*** Material supplied Section Begins ***
(* Let $M=\mathbb{R}\times\mathbb{C}\subset\mathbb{C}^2$. Then every $C^2$-smooth totally real disc contained in $M$ is polynomially convex.
   Context: For a compact $K\subset\mathbb{C}^n$, $\widehat{K}:=\{z\in\mathbb{C}^n : |p(z)|\le \sup_K|p| \text{ for all holomorphic polynomials } p\}$, and $K$ is polynomially convex if $\widehat{K}=K$. A submanifold $N\subset\mathbb{C}^n$ is totally real if $T_pN\cap iT_pN=\{0\}$ for all $p\in N$. A $C^2$-smooth totally real disc is a compact subset of a $C^2$-smooth totally real submanifold of $\mathbb{C}^2$ which is $C^2$-diffeomorphic to the closed unit disc in the plane. *)

theory Defs
  imports "HOL-Analysis.Analysis"
begin

text \<open>C^2 = complex \<times> complex, viewed as the real Euclidean space R^4.\<close>

definition cmul_i :: "complex \<times> complex \<Rightarrow> complex \<times> complex" where
  "cmul_i v = (\<i> * fst v, \<i> * snd v)"

text \<open>f is C^2-smooth on S: f is C^2 (twice Frechet differentiable with continuous
  second derivative) on some open neighbourhood of S.  For open S this is ordinary C^2.\<close>
definition C2_on :: "'a::euclidean_space set \<Rightarrow> ('a \<Rightarrow> 'b::euclidean_space) \<Rightarrow> bool" where
  "C2_on S f \<longleftrightarrow> (\<exists>V Df D2f. open V \<and> S \<subseteq> V \<and>
      (\<forall>x\<in>V. (f has_derivative blinfun_apply (Df x)) (at x) \<and>
               (Df has_derivative blinfun_apply (D2f x)) (at x)) \<and>
      continuous_on V D2f)"

text \<open>N is an (embedded) C^2 totally real submanifold of C^2, of the real dimension
  DIM('a): locally N is the image of a C^2 embedding (homeomorphism onto an open
  piece of N with injective differential) of an open subset of 'a, and every
  tangent space T satisfies T \<inter> iT = {0}.\<close>
definition totally_real_submanifold ::
    "'a::euclidean_space itself \<Rightarrow> (complex \<times> complex) set \<Rightarrow> bool" where
  "totally_real_submanifold _ N \<longleftrightarrow>
     (\<forall>p\<in>N. \<exists>(U::'a set) W \<phi>. open U \<and> open W \<and> p \<in> W \<and> C2_on U \<phi> \<and>
        inj_on \<phi> U \<and> \<phi> ` U = N \<inter> W \<and> continuous_on (N \<inter> W) (inv_into U \<phi>) \<and>
        (\<forall>x\<in>U. \<exists>L. (\<phi> has_derivative L) (at x) \<and> inj L \<and>
              (\<forall>v w. L v = cmul_i (L w) \<longrightarrow> L v = 0)))"

definition C2_diffeomorphic ::
    "'a::euclidean_space set \<Rightarrow> 'b::euclidean_space set \<Rightarrow> bool" where
  "C2_diffeomorphic A B \<longleftrightarrow>
     (\<exists>h g. homeomorphism A B h g \<and> C2_on A h \<and> C2_on B g)"

text \<open>A C^2-smooth totally real disc in C^2.  The closed unit disc in the plane is
  cball 0 1 in complex (= R^2).\<close>
definition totally_real_disc :: "'a::euclidean_space itself \<Rightarrow> (complex \<times> complex) set \<Rightarrow> bool" where
  "totally_real_disc T D \<longleftrightarrow>
     (\<exists>N. totally_real_submanifold T N \<and> D \<subseteq> N \<and> compact D \<and>
          C2_diffeomorphic (cball (0::complex) 1) D)"

definition hol_poly2 :: "(complex \<times> complex \<Rightarrow> complex) \<Rightarrow> bool" where
  "hol_poly2 p \<longleftrightarrow> (\<exists>n (c :: nat \<Rightarrow> nat \<Rightarrow> complex).
      p = (\<lambda>(z, w). \<Sum>i<n. \<Sum>j<n. c i j * z ^ i * w ^ j))"

definition poly_hull :: "(complex \<times> complex) set \<Rightarrow> (complex \<times> complex) set" where
  "poly_hull K = {z. \<forall>p. hol_poly2 p \<longrightarrow> norm (p z) \<le> (SUP y\<in>K. norm (p y))}"

definition polynomially_convex :: "(complex \<times> complex) set \<Rightarrow> bool" where
  "polynomially_convex K \<longleftrightarrow> poly_hull K = K"

definition M_RC :: "(complex \<times> complex) set" where
  "M_RC = {(z, w). z \<in> \<real>}"

end

theory Submission
  imports Defs "HOL-Computational_Algebra.Polynomial"
begin

text \<open>A point \<open>(a, w)\<close> with \<open>a\<close> not real is separated from \<open>D\<close> by the parabola
  \<open>1 - (z - Re a)\<^sup>2 / R\<^sup>2\<close> (\<open>bump_poly\<close>), which has modulus at most \<open>1\<close> on the real
  first coordinates of \<open>D\<close> but modulus greater than \<open>1\<close> at \<open>a\<close>. For \<open>a = x0\<close> real, if the
  fibre \<open>K = {w. (x0, w) \<in> D}\<close> has connected complement, then by Runge's theorem a polynomial
  \<open>q\<close> with \<open>q w = 1\<close> is smaller than \<open>1/2\<close> on \<open>K\<close>, and a high power of the parabola centred
  at \<open>x0\<close> damps \<open>q\<close> on the part of \<open>D\<close> where \<open>|q| \<ge> 1/2\<close>, which stays away from the fibre.

  The fibre is homeomorphic to the level set \<open>{u = x0}\<close> of \<open>u = Re z\<^sub>1\<close> on the parametrising
  disc. Since \<open>D\<close> is totally real and \<open>z\<^sub>1\<close> is real on \<open>D\<close>, \<open>u\<close> has no critical point in
  the open disc: otherwise the tangent plane would be the complex line \<open>{0} \<times> \<complex>\<close>. Hence
  \<open>u\<close> has no interior extrema, no component of the complement of a level set is bounded, and
  by Borsuk's separation theorem the complement of the fibre is connected as well.\<close>

section \<open>Uniform polynomial approximation on compact subsets of the plane\<close>

definition poly_approximable :: "complex set \<Rightarrow> (complex \<Rightarrow> complex) \<Rightarrow> bool" where
  "poly_approximable K f \<longleftrightarrow> (\<forall>e>0. \<exists>q. \<forall>w\<in>K. norm (poly q w - f w) < e)"

lemma poly_approximable_poly: "poly_approximable K (poly q)"
  unfolding poly_approximable_def by (auto intro!: exI[of _ q])

lemma poly_approximable_const: "poly_approximable K (\<lambda>w. c)"
proof -
  have "poly [:c:] = (\<lambda>w. c)" by (simp add: fun_eq_iff)
  then show ?thesis using poly_approximable_poly[of K "[:c:]"] by simp
qed

lemma poly_approximable_ident: "poly_approximable K (\<lambda>w. w)"
proof -
  have "poly [:0, 1:] = (\<lambda>w::complex. w)" by (simp add: fun_eq_iff)
  then show ?thesis using poly_approximable_poly[of K "[:0, 1:]"] by simp
qed

lemma poly_approximable_cong:
  assumes "poly_approximable K f" "\<And>w. w \<in> K \<Longrightarrow> f w = g w"
  shows "poly_approximable K g"
  using assms unfolding poly_approximable_def by simp

lemma poly_approximable_limit:
  assumes "\<And>e. e > 0 \<Longrightarrow> \<exists>g. poly_approximable K g \<and> (\<forall>w\<in>K. norm (g w - f w) \<le> e)"
  shows "poly_approximable K f"
  unfolding poly_approximable_def
proof (intro allI impI)
  fix e :: real assume "e > 0"
  then obtain g where g: "poly_approximable K g" "\<forall>w\<in>K. norm (g w - f w) \<le> e/4"
    using assms[of "e/4"] by auto
  then obtain q where q: "\<forall>w\<in>K. norm (poly q w - g w) < e/2"
    using \<open>e > 0\<close> unfolding poly_approximable_def by (meson half_gt_zero)
  have "norm (poly q w - f w) < e" if "w \<in> K" for w
    using norm_diff_triangle_less[of "poly q w" "g w" "e/2" "f w" "e/2"] q g that \<open>e > 0\<close> by force
  then show "\<exists>q. \<forall>w\<in>K. norm (poly q w - f w) < e" by blast
qed

lemma poly_approximable_add:
  assumes "poly_approximable K f" "poly_approximable K g"
  shows "poly_approximable K (\<lambda>w. f w + g w)"
  unfolding poly_approximable_def
proof (intro allI impI)
  fix e :: real assume "e > 0"
  then obtain q1 q2 where q1: "\<forall>w\<in>K. norm (poly q1 w - f w) < e/2"
    and q2: "\<forall>w\<in>K. norm (poly q2 w - g w) < e/2"
    using assms unfolding poly_approximable_def by (meson half_gt_zero)
  have "norm (poly (q1 + q2) w - (f w + g w)) < e" if "w \<in> K" for w
  proof -
    have "norm (poly (q1 + q2) w - (f w + g w)) \<le> norm (poly q1 w - f w) + norm (poly q2 w - g w)"
      by (metis add_diff_add norm_triangle_ineq poly_add)
    then show ?thesis using q1 q2 that by force
  qed
  then show "\<exists>q. \<forall>w\<in>K. norm (poly q w - (f w + g w)) < e" by blast
qed

lemma poly_approximable_bounded:
  assumes "compact K" "poly_approximable K f"
  obtains B where "\<forall>w\<in>K. norm (f w) \<le> B"
proof -
  obtain q where q: "\<forall>w\<in>K. norm (poly q w - f w) < 1"
    using assms(2) unfolding poly_approximable_def by (meson zero_less_one)
  have "compact (poly q ` K)"
    using assms(1) by (intro compact_continuous_image continuous_intros)
  then obtain B where B: "\<forall>w\<in>K. norm (poly q w) \<le> B"
    by (meson bounded_iff compact_imp_bounded imageI)
  have "norm (f w) \<le> B + 1" if "w \<in> K" for w
    using norm_triangle_sub[of "f w" "poly q w"] q B that
    by (smt (verit) norm_minus_commute)
  then show ?thesis using that by blast
qed

lemma poly_approximable_mult:
  assumes K: "compact K" and f: "poly_approximable K f" and g: "poly_approximable K g"
  shows "poly_approximable K (\<lambda>w. f w * g w)"
proof (rule poly_approximable_limit)
  fix e :: real assume "e > 0"
  obtain Bf where Bf: "\<forall>w\<in>K. norm (f w) \<le> Bf"
    using poly_approximable_bounded[OF K f] by blast
  obtain Bg where Bg: "\<forall>w\<in>K. norm (g w) \<le> Bg"
    using poly_approximable_bounded[OF K g] by blast
  define C where "C = \<bar>Bf\<bar> + \<bar>Bg\<bar> + 1"
  define \<eta> where "\<eta> = min 1 (e / C)"
  have "C > 0" "\<eta> > 0" using \<open>e > 0\<close> by (auto simp: C_def \<eta>_def)
  obtain q1 where q1: "\<forall>w\<in>K. norm (poly q1 w - f w) < \<eta>"
    using f \<open>\<eta> > 0\<close> unfolding poly_approximable_def by blast
  obtain q2 where q2: "\<forall>w\<in>K. norm (poly q2 w - g w) < \<eta>"
    using g \<open>\<eta> > 0\<close> unfolding poly_approximable_def by blast
  have "norm (poly (q1 * q2) w - f w * g w) \<le> e" if w: "w \<in> K" for w
  proof -
    have "norm (poly q1 w) \<le> \<bar>Bf\<bar> + 1"
      using norm_triangle_sub[of "poly q1 w" "f w"] q1 Bf w \<eta>_def by force
    then have 1: "norm (poly q1 w * (poly q2 w - g w)) \<le> (\<bar>Bf\<bar> + 1) * \<eta>"
      using q2 w unfolding norm_mult by (intro mult_mono) (auto intro: less_imp_le)
    have 2: "norm ((poly q1 w - f w) * g w) \<le> \<eta> * \<bar>Bg\<bar>"
      using q1 Bg w \<open>\<eta> > 0\<close> unfolding norm_mult
      by (intro mult_mono) (auto intro: less_imp_le order_trans[OF _ abs_ge_self])
    have "norm (poly q1 w * (poly q2 w - g w) + (poly q1 w - f w) * g w)
        \<le> (\<bar>Bf\<bar> + 1) * \<eta> + \<eta> * \<bar>Bg\<bar>"
      using 1 2 by (intro norm_triangle_le add_mono)
    also have "\<dots> = \<eta> * C" by (simp add: C_def algebra_simps)
    also have "\<dots> \<le> e" using \<open>C > 0\<close> by (simp add: \<eta>_def min_mult_distrib_right)
    finally show ?thesis
      using q1 w by (simp add: algebra_simps)
  qed
  then show "\<exists>h. poly_approximable K h \<and> (\<forall>w\<in>K. norm (h w - f w * g w) \<le> e)"
    using poly_approximable_poly by blast
qed

lemma poly_approximable_sum:
  assumes "\<And>i. i \<in> I \<Longrightarrow> poly_approximable K (f i)"
  shows "poly_approximable K (\<lambda>w. \<Sum>i\<in>I. f i w)"
proof (cases "finite I")
  case True
  then show ?thesis using assms
    by (induction I rule: finite_induct) (auto intro: poly_approximable_const poly_approximable_add)
qed (simp add: poly_approximable_const)

lemma poly_approximable_power:
  assumes "compact K" "poly_approximable K f"
  shows "poly_approximable K (\<lambda>w. f w ^ n)"
  by (induction n) (auto intro: poly_approximable_const poly_approximable_mult assms)

text \<open>Partial sums of the geometric series in \<open>r\<close> converge uniformly where \<open>|r| \<le> 1/2\<close>.\<close>
lemma poly_approximable_geometric:
  assumes K: "compact K" and f: "poly_approximable K f" and r: "poly_approximable K r"
    and small: "\<forall>w\<in>K. norm (r w) \<le> 1/2"
  shows "poly_approximable K (\<lambda>w. f w / (1 - r w))"
proof (rule poly_approximable_limit)
  fix e :: real assume "e > 0"
  obtain B where B: "\<forall>w\<in>K. norm (f w) \<le> B"
    using poly_approximable_bounded[OF K f] by blast
  obtain N where N: "(1/2) ^ N < e / (2 * \<bar>B\<bar> + 1)"
    using real_arch_pow_inv[of "e / (2 * \<bar>B\<bar> + 1)" "1/2"] \<open>e > 0\<close> by auto
  define g where "g w = f w * (\<Sum>n<N. r w ^ n)" for w
  have "norm (g w - f w / (1 - r w)) \<le> e" if w: "w \<in> K" for w
  proof -
    have "norm (r w) \<le> 1/2" using small w by blast
    then have "1/2 \<le> norm (r w - 1)" "r w \<noteq> 1"
      using norm_triangle_ineq2[of 1 "r w"] by (auto simp: norm_minus_commute)
    have "g w = (f w * (r w ^ N - 1)) / (r w - 1)"
      by (simp add: g_def geometric_sum[OF \<open>r w \<noteq> 1\<close>])
    moreover have "f w / (1 - r w) = - f w / (r w - 1)"
      by (metis minus_diff_eq divide_minus_right minus_divide_left)
    ultimately have "g w - f w / (1 - r w) = f w * r w ^ N / (r w - 1)"
      by (simp add: add_divide_distrib[symmetric] algebra_simps)
    also have "norm \<dots> \<le> \<bar>B\<bar> * (1/2) ^ N / (1/2)"
      unfolding norm_divide norm_mult norm_power
      using B w \<open>norm (r w) \<le> 1/2\<close> \<open>1/2 \<le> norm (r w - 1)\<close>
      by (intro frac_le mult_mono power_mono) (auto intro: order_trans[OF _ abs_ge_self])
    also have "\<dots> \<le> e"
      using N \<open>e > 0\<close> by (simp add: field_simps)
    finally show ?thesis .
  qed
  moreover have "poly_approximable K g"
    unfolding g_def using K f r
    by (intro poly_approximable_mult poly_approximable_sum poly_approximable_power) auto
  ultimately show "\<exists>g. poly_approximable K g \<and> (\<forall>w\<in>K. norm (g w - f w / (1 - r w)) \<le> e)"
    by blast
qed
*** Material supplied Section Ends ***
● Requirement
Copy every line of the records above that holds the word "induction".

● Written response
    by (induction I rule: finite_induct) (auto intro: poly_approximable_const poly_approximable_add)
  by (induction n) (auto intro: poly_approximable_const poly_approximable_mult assms)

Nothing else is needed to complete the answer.